- PROVIDED INFORMATION -
· · ·
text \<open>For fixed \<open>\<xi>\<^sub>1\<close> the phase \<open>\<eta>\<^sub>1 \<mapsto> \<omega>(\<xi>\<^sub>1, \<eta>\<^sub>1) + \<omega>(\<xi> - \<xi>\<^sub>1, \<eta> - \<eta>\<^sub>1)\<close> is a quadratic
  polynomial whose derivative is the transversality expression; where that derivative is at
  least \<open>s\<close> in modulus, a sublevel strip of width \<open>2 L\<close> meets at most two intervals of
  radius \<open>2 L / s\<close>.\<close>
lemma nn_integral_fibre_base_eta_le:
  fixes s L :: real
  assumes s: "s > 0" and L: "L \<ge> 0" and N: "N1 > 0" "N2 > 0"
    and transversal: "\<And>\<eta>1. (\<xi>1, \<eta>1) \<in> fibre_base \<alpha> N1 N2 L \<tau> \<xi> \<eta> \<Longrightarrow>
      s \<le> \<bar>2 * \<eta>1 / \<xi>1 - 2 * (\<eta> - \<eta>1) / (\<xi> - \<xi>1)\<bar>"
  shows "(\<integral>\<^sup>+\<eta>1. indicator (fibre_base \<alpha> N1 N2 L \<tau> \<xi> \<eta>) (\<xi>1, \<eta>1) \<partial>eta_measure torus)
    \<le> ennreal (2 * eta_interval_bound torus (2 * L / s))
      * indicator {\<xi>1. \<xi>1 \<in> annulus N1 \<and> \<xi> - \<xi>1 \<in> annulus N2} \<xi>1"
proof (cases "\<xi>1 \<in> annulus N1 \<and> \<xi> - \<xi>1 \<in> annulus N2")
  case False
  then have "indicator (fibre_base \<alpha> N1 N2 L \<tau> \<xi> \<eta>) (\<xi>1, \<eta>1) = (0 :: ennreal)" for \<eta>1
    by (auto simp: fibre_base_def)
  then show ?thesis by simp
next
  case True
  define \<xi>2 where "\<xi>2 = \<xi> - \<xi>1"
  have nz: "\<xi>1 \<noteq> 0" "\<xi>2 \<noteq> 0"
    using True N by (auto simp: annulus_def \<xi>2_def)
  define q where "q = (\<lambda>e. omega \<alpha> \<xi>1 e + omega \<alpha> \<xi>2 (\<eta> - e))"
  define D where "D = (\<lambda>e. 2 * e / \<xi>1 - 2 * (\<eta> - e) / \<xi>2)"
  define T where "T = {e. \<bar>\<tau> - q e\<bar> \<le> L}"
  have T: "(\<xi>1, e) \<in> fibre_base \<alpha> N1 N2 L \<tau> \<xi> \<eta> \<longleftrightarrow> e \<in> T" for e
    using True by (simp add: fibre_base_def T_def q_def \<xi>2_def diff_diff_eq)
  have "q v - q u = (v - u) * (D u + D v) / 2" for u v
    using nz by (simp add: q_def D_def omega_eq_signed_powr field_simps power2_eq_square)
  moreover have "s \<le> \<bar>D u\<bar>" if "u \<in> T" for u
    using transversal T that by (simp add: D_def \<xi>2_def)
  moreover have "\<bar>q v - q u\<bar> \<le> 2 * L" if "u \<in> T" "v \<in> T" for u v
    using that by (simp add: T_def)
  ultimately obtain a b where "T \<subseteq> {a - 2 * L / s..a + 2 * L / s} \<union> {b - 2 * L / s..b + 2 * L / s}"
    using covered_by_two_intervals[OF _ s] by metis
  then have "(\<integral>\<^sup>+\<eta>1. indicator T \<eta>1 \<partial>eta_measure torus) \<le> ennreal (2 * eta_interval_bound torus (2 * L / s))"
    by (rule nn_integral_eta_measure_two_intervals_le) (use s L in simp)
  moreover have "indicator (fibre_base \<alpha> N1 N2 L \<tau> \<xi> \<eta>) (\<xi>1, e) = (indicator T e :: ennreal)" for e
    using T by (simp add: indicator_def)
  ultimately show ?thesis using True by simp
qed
· · ·
- YOUR TASK -
Taking the entries above, print exactly the lines starting at the line with "define q where" and ending at the line with "define T where", both included.

- OUTPUT -
  define q where "q = (\<lambda>e. omega \<alpha> \<xi>1 e + omega \<alpha> \<xi>2 (\<eta> - e))"
  define D where "D = (\<lambda>e. 2 * e / \<xi>1 - 2 * (\<eta> - e) / \<xi>2)"
  define T where "T = {e. \<bar>\<tau> - q e\<bar> \<le> L}"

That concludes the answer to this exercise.